lemma gsum_map_seq_class:
  assumes "\<And>x. x \<in> set xs \<Longrightarrow> f x \<in> seqs G"
  shows "gsum (class_add G) (class_zero G) (map (\<lambda>x. seq_class G (f x)) xs)
    = seq_class G (sum_list (map f xs))"
  using assms
proof (induction xs)
  case (Cons x xs)
  have "sum_list (map f xs) \<in> seqs G"
    using Cons.prems by (induction xs) (auto simp: seqs_def)
  with Cons show ?case
    by (simp add: gsum_def class_add_seq_class)
qed (simp add: gsum_def class_zero_def)

lemma gsum_eq_subsum_lessThan: "gsum p z cs = subsum p z cs {..<length cs}"
  by (simp add: subsum_def lessThan_atLeast0 map_nth)

lemma subsum_map_seq_class:
  assumes "\<And>i. i \<in> \<Lambda> \<Longrightarrow> f i \<in> seqs G" "\<Lambda> \<subseteq> {..<n}"
  shows "subsum (class_add G) (class_zero G) (map (\<lambda>i. seq_class G (f i)) [0..<n]) \<Lambda>
    = seq_class G (\<Sum>i\<in>\<Lambda>. f i)"
proof -
  have fin: "finite \<Lambda>"
    using assms(2) finite_subset by blast
  have map_eq: "map ((!) (map (\<lambda>i. seq_class G (f i)) [0..<n])) (sorted_list_of_set \<Lambda>)
      = map (\<lambda>i. seq_class G (f i)) (sorted_list_of_set \<Lambda>)"
    using assms(2) fin by (intro map_cong) auto
  have "subsum (class_add G) (class_zero G) (map (\<lambda>i. seq_class G (f i)) [0..<n]) \<Lambda>
      = gsum (class_add G) (class_zero G) (map (\<lambda>i. seq_class G (f i)) (sorted_list_of_set \<Lambda>))"
    unfolding subsum_def map_eq ..
  also have "\<dots> = seq_class G (sum_list (map f (sorted_list_of_set \<Lambda>)))"
    using assms fin by (intro gsum_map_seq_class) auto
  also have "sum_list (map f (sorted_list_of_set \<Lambda>)) = (\<Sum>i\<in>\<Lambda>. f i)"
    using fin by (simp add: sum_list_distinct_conv_sum_set)
  finally show ?thesis .
qed

lemma gsum_eq_subsum_seq_class_iff:
  assumes "\<And>i. i < n \<Longrightarrow> f i \<in> seqs G" "\<Lambda> \<subseteq> {..<n}"
  shows "gsum (class_add G) (class_zero G) (map (\<lambda>i. seq_class G (f i)) [0..<n])
      = subsum (class_add G) (class_zero G) (map (\<lambda>i. seq_class G (f i)) [0..<n]) \<Lambda>
    \<longleftrightarrow> seq_equiv G (\<Sum>i<n. f i) (\<Sum>i\<in>\<Lambda>. f i)"
proof -
  let ?cs = "map (\<lambda>i. seq_class G (f i)) [0..<n]"
  have "gsum (class_add G) (class_zero G) ?cs = seq_class G (\<Sum>i<n. f i)"
    using assms(1) subsum_map_seq_class[of "{..<n}" f G n]
    by (simp add: gsum_eq_subsum_lessThan[of _ _ ?cs])
  moreover have "subsum (class_add G) (class_zero G) ?cs \<Lambda> = seq_class G (\<Sum>i\<in>\<Lambda>. f i)"
    using assms by (intro subsum_map_seq_class) auto
  moreover have "(\<Sum>i<n. f i) \<in> seqs G" "(\<Sum>i\<in>\<Lambda>. f i) \<in> seqs G"
    using assms by (auto intro!: seqs_sum)
  ultimately show ?thesis
    by (simp add: seq_class_eq_iff)
qed

lemma class_list_representatives:
  assumes "set cs \<subseteq> class_sg G"
  obtains f where "\<And>i. i < length cs \<Longrightarrow> f i \<in> seqs G"
    "cs = map (\<lambda>i. seq_class G (f i)) [0..<length cs]"
proof -
  have "\<forall>i<length cs. \<exists>S. S \<in> seqs G \<and> cs ! i = seq_class G S"
  proof (intro allI impI)
    fix i assume "i < length cs"
    then have "cs ! i \<in> class_sg G"
      using assms nth_mem by blast
    then show "\<exists>S. S \<in> seqs G \<and> cs ! i = seq_class G S"
      by (auto simp: class_sg_def)
  qed
  then obtain f where "\<forall>i<length cs. f i \<in> seqs G \<and> cs ! i = seq_class G (f i)"
    by metis
  then show thesis
    by (intro that) (auto intro: nth_equalityI)
qed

◆ **Your assignment**: Restate word for word the entries above, starting at the line with "proof (induction xs)" and ending at the line with "using assms(2) fin by", inclusive, and no others.

◆ **Task response**:
proof (induction xs)
  case (Cons x xs)
  have "sum_list (map f xs) \<in> seqs G"
    using Cons.prems by (induction xs) (auto simp: seqs_def)
  with Cons show ?case
    by (simp add: gsum_def class_add_seq_class)
qed (simp add: gsum_def class_zero_def)

lemma gsum_eq_subsum_lessThan: "gsum p z cs = subsum p z cs {..<length cs}"
  by (simp add: subsum_def lessThan_atLeast0 map_nth)

lemma subsum_map_seq_class:
  assumes "\<And>i. i \<in> \<Lambda> \<Longrightarrow> f i \<in> seqs G" "\<Lambda> \<subseteq> {..<n}"
  shows "subsum (class_add G) (class_zero G) (map (\<lambda>i. seq_class G (f i)) [0..<n]) \<Lambda>
    = seq_class G (\<Sum>i\<in>\<Lambda>. f i)"
proof -
  have fin: "finite \<Lambda>"
    using assms(2) finite_subset by blast
  have map_eq: "map ((!) (map (\<lambda>i. seq_class G (f i)) [0..<n])) (sorted_list_of_set \<Lambda>)
      = map (\<lambda>i. seq_class G (f i)) (sorted_list_of_set \<Lambda>)"
    using assms(2) fin by (intro map_cong) auto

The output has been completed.